The electrochemically active material usually comprises
constituents selected from oxides, oxyfluorides, phosphides,
carbides, and combinations thereof, such as cerium oxyfluoride.
An oxide may be present in the electrochemically active material as
such, or in a multi-compound mixed oxide and/or in a solid solution
of oxides. The oxide may be in the form of a simple, double and/or
multiple oxide, and/or in the form of a stoichiometric or
non-stoichiometric oxide.
The electrochemically active material may in particular comprise
spinels and/or perovskites, such as ferrites. The ferrites may be
selected from cobalt, manganese, molybdenum, nickel, magnesium and
zinc ferrite, and mixtures thereof, in particular nickel ferrite
partially substituted with Fe.sup.2+. Additionally, the ferrite may
be doped with at least one oxide selected from chromium, titanium,
tin and zirconium oxide.
Advantageously, the electrochemically active material can
additionally comprise an electrocatalyst for the oxidation of
oxygen ions present at the surface of the anode to form monoatomic
nascent oxygen and subsequently biatomic molecular gaseous oxygen.

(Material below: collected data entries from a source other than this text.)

text \<open>In a distal system every orbit closure is minimal. Given c = q a with q in the enveloping
  semigroup, an idempotent u = r \<circ> q of the left ideal generated by q fixes a, so r c = a.\<close>
lemma distal_orbit_closure_sym:
  assumes "distal Y S" "a \<in> Y" "c \<in> closure (orbit S a)"
  shows "a \<in> closure (orbit S c)"
proof -
  obtain q where q: "q \<in> ellis" "c = q a"
    using assms(2,3) orbit_closure_eq_ellis by blast
  have "c \<in> Y" using q ellis_subset by blast
  have "compact_comp_semigroup ((\<lambda>r. r \<circ> q) ` ellis)"
    unfolding compact_comp_semigroup_def
  proof (intro conjI ballI)
    show "compact ((\<lambda>r. r \<circ> q) ` ellis)"
      by (intro compact_continuous_image compact_ellis
          continuous_on_subset[OF continuous_on_comp_right subset_UNIV])
    show "(\<lambda>r. r \<circ> q) ` ellis \<noteq> {}" using q by blast
    fix f g assume "f \<in> (\<lambda>r. r \<circ> q) ` ellis" "g \<in> (\<lambda>r. r \<circ> q) ` ellis"
    then obtain r r' where "r \<in> ellis" "r' \<in> ellis" "f = r \<circ> q" "g = r' \<circ> q" by blast
    then show "f \<circ> g \<in> (\<lambda>r. r \<circ> q) ` ellis"
      using q ellis_comp by (intro image_eqI[of _ _ "r \<circ> q \<circ> r'"]) (auto simp: o_assoc)
  qed
  then obtain r where r: "r \<in> ellis" "(r \<circ> q) \<circ> (r \<circ> q) = r \<circ> q"
    using compact_comp_semigroup_idempotent by blast
  then have "r c = a"
    using distal_idempotent_id[OF assms(1) ellis_comp[OF r(1) q(1)] r(2) assms(2)] q(2) by simp
  then show ?thesis
    using orbit_closure_eq_ellis[OF \<open>c \<in> Y\<close>] r(1) by blast
qed

end

definition separated_pairs :: "'a::metric_space set \<Rightarrow> ('a \<Rightarrow> 'a) \<Rightarrow> real \<Rightarrow> ('a \<times> 'a) set" where
  "separated_pairs X T d = {(x, y) \<in> X \<times> X. \<forall>n. d \<le> dist ((T ^^ n) x) ((T ^^ n) y)}"

lemma continuous_on_dist_funpow:
  assumes "continuous_on X T" "T ` X \<subseteq> X"
  shows "continuous_on (X \<times> X) (\<lambda>w. dist ((T ^^ n) (fst w)) ((T ^^ n) (snd w)))"
  using continuous_on_funpow[OF assms]
  by (intro continuous_on_dist continuous_on_compose2[OF _ continuous_on_fst]
      continuous_on_compose2[OF _ continuous_on_snd]) auto

lemma compact_separated_pairs:
  assumes "compact X" "continuous_on X T" "T ` X \<subseteq> X"
  shows "compact (separated_pairs X T d)"
proof -
  let ?dist = "\<lambda>n w. dist ((T ^^ n) (fst w)) ((T ^^ n) (snd w))"
  have eq: "separated_pairs X T d = (X \<times> X) \<inter> (\<Inter>n. (X \<times> X) \<inter> ?dist n -` {d..})"
    by (auto simp: separated_pairs_def)
  have "closed ((X \<times> X) \<inter> ?dist n -` {d..})" for n
    using assms by (intro continuous_closed_preimage continuous_on_dist_funpow closed_Times
        closed_atLeast) (auto intro: compact_imp_closed)
  then have "closed (\<Inter>n. (X \<times> X) \<inter> ?dist n -` {d..})"
    by (intro closed_INT) blast
  with assms(1) have "compact ((X \<times> X) \<inter> (\<Inter>n. (X \<times> X) \<inter> ?dist n -` {d..}))"
    by (intro compact_Int_closed compact_Times)
  then show ?thesis by (simp only: eq)
qed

The electrocatalyst may for instance be selected from iridium,
palladium, platinum, rhodium, ruthenium, silicon, tin and zinc, the
Lanthanide series and Mischmetal, and their oxides, mixtures and
compounds thereof.
The electrochemically active material may comprise at least one
metal selected from iron, chromium and nickel, and oxides, mixtures
and compounds thereof. The metals may be pre-oxidised before
immersion into the electrolyte or oxidising during use to form the
electrochemically active material. As stated above, chromium oxide
and black non-stoichiometric nickel oxide form a good barrier to
oxygen and protect the metal substrate from oxygen attack.
The electrochemically active material may be obtained from a
precursor, the constituents of which react among themselves to form
the active material when subjected to heat-treatment. Alternatively
or cumulatively, constituents may react with the metal structure to
form the active material during heat treatment. Optionally, a
substantially cryolite-resistant bonding material may bond the
electrochemically active constituents of the filling together and
within the voids, recesses and/or pores of the metal structure.
The electrochemically active material may be applied in the form of
powder into the voids, recesses and/or pores of the metal
substrate. Alternatively, the electrochemically active material may
be applied as a slurry or suspension containing colloidal material
which is a dried and/or heat treated. The colloid may be selected
from colloidal alumina, ceria, lithia, magnesia, silica, thoria,
yttria, zirconia and colloids containing active constituents of the
active material.
The invention also relates to a method of manufacturing a
non-carbon, metal-based anode of a cell as described above. The
method comprises filling at least partly the voids, recesses and/or
pores of the metal structure with an electrically conductive and
electrochemically active material or a precursor thereof, and
heat-treating the active material or precursor contained in the
voids, recesses and/or pores to consolidate and form an anode for
the oxidation of oxygen ions in electrolyte.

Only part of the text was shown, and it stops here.